Through his lawyer, he asked for another meeting with the Foreign Office to inform them that he wanted to send a video message to IS.

"The message that I was going to deliver could probably not have been delivered by anybody else because of the language, the terminology, the understanding, the connection that I could have made to that world was very specific and exclusive to me," he told the BBC.

He claimed the government did not respond for three weeks but they finally visited him on the day that Mr Henning was first shown on an Islamic State video. He said the government wanted him to deliver a message through an intermediary of their choosing.

'New material'

Mr Begg walked free from prison last week after seven terrorism-related charges against him were dropped. His imminent trial was abandoned after "new material" emerged.

He had been charged with attending a terrorist training camp in Syria between 9 October 2012 and 9 April 2013.

He was also accused of possessing documents for a purpose connected to terrorism and terrorist funding.

But Mr Begg has since claimed that Britain's security service MI5 were aware of his movements in Syria.

The Guardian newspaper has reported there were documents which include "minutes of meetings that MI5 officers and lawyers held with Begg, at which he discussed his travel plans and explained he was assisting opposition fighters in their war against Bashar al-Assad's regime".

Mr Begg was held in the US military prison at Guantanamo Bay in Cuba for nearly three years.
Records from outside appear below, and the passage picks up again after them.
lemma find_heaviest:
  "n - i = d \<Longrightarrow> i < n \<Longrightarrow> m 0 = n \<Longrightarrow> m 2 = 1 \<Longrightarrow> m 6 = weight_base \<Longrightarrow> m 15 = i \<Longrightarrow>
   m 13 < n \<Longrightarrow> (\<forall>j<i. m (weight_base + j) \<le> m 14) \<Longrightarrow> (m 14 = 0 \<or> m (weight_base + m 13) = m 14) \<Longrightarrow>
   reaches hardening_program 125 m 137 (\<lambda>m'. (\<forall>a. a < 10 \<or> 15 < a \<longrightarrow> m' a = m a) \<and> m' 13 < n \<and>
      (\<forall>j<n. m (weight_base + j) \<le> m' 14) \<and> (m' 14 = 0 \<or> m (weight_base + m' 13) = m' 14)) (d * 12)"
proof (induction d arbitrary: i m)
  case 0
  then show ?case by simp
next
  case (Suc d)
  let ?v = "m (weight_base + i)"
  define best where "best = (if ?v \<le> m 14 then m 13 else i)"
  define top where "top = (if ?v \<le> m 14 then m 14 else ?v)"
  define M where "M = m(12 := weight_base + i, 11 := ?v, 10 := ?v - m 14, 13 := best, 14 := top,
    15 := Suc i, 10 := n - Suc i)"
  have frame: "\<forall>a. a < 10 \<or> 15 < a \<longrightarrow> M a = m a"
    unfolding M_def by auto
  have M: "M 13 = best" "M 14 = top" "M 15 = Suc i" "M 0 = n" "M 2 = 1" "M 6 = weight_base"
    unfolding M_def using Suc.prems by simp_all
  have weights: "M (weight_base + j) = m (weight_base + j)" for j
    using frame unfolding weight_base_origin by simp
  have best_less: "best < n"
    unfolding best_def using Suc.prems by simp
  have top_max: "\<forall>j<Suc i. m (weight_base + j) \<le> top"
    unfolding top_def using Suc.prems(8) by (auto simp: less_Suc_eq)
  have top_attained: "top = 0 \<or> m (weight_base + best) = top"
    unfolding top_def best_def using Suc.prems(9) by auto
  define N where "N = (if ?v \<le> m 14 then 7 else 11) + (if Suc i = n then 0 else 1::nat)"
  have run: "(step hardening_program ^^ N) (125, m) = (if Suc i = n then 137 else 125, M)"
  proof (cases "?v \<le> m 14")
    case True
    then have "best = m 13" "top = m 14" "?v - m 14 = 0"
      unfolding best_def top_def by simp_all
    then show ?thesis
      using Suc.prems True unfolding N_def M_def weight_base_origin
      by (cases "Suc i = n") (simp_all add: step_def program_code funpow_numeral_apply fun_eq_iff)
  next
    case False
    then have "best = i" "top = ?v" "?v - m 14 \<noteq> 0"
      unfolding best_def top_def by simp_all
    then show ?thesis
      using Suc.prems False unfolding N_def M_def weight_base_origin
      by (cases "Suc i = n") (simp_all add: step_def program_code funpow_numeral_apply fun_eq_iff)
  qed
  have "N \<le> 12"
    unfolding N_def by simp
  show ?case
  proof (cases "Suc i = n")
    case True
    have "(\<forall>a. a < 10 \<or> 15 < a \<longrightarrow> M a = m a) \<and> M 13 < n \<and>
      (\<forall>j<n. m (weight_base + j) \<le> M 14) \<and> (M 14 = 0 \<or> m (weight_base + M 13) = M 14)"
      using frame M best_less top_max top_attained True by simp
    then show ?thesis
      by (rule reaches_within[OF run[unfolded if_P[OF True]]]) (use \<open>N \<le> 12\<close> in simp)
  next
    case False
    have "n - Suc i = d" "Suc i < n"
      using Suc.prems(1,2) False by simp_all
    moreover have "\<forall>j<Suc i. M (weight_base + j) \<le> M 14" "M 14 = 0 \<or> M (weight_base + M 13) = M 14"
      using top_max top_attained weights M by simp_all
    ultimately have "reaches hardening_program 125 M 137 (\<lambda>m'. (\<forall>a. a < 10 \<or> 15 < a \<longrightarrow> m' a = M a) \<and>
      m' 13 < n \<and> (\<forall>j<n. M (weight_base + j) \<le> m' 14) \<and> (m' 14 = 0 \<or> M (weight_base + m' 13) = m' 14))
      (d * 12)"
      using Suc.IH M best_less by blast
    then have "reaches hardening_program 125 m 137 (\<lambda>m'. (\<forall>a. a < 10 \<or> 15 < a \<longrightarrow> m' a = m a) \<and>
      m' 13 < n \<and> (\<forall>j<n. m (weight_base + j) \<le> m' 14) \<and> (m' 14 = 0 \<or> m (weight_base + m' 13) = m' 14))
      (N + d * 12)"
      by (intro reaches_after[OF run[unfolded if_not_P[OF False]]]) (auto simp: weights frame elim!: reaches_mono)
    then show ?thesis
      by (rule reaches_mono) (use \<open>N \<le> 12\<close> in simp_all)
  qed
qed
He had been detained in Pakistan in January 2002 and taken to Bagram internment centre in Afghanistan, where he was held for about a year before being transferred to Guantanamo.

He was not charged with any offence while in US custody.

Britain is taking part in coalition air strikes against IS extremists, who control large swathes of Syria and Iraq after rapid advances through the region this year.

The latest strike by RAF jets occurred on Sunday night when RAF jets used precision-guided bombs to attack IS fighters at a fortified building near Ramadi, west of the capital Baghdad.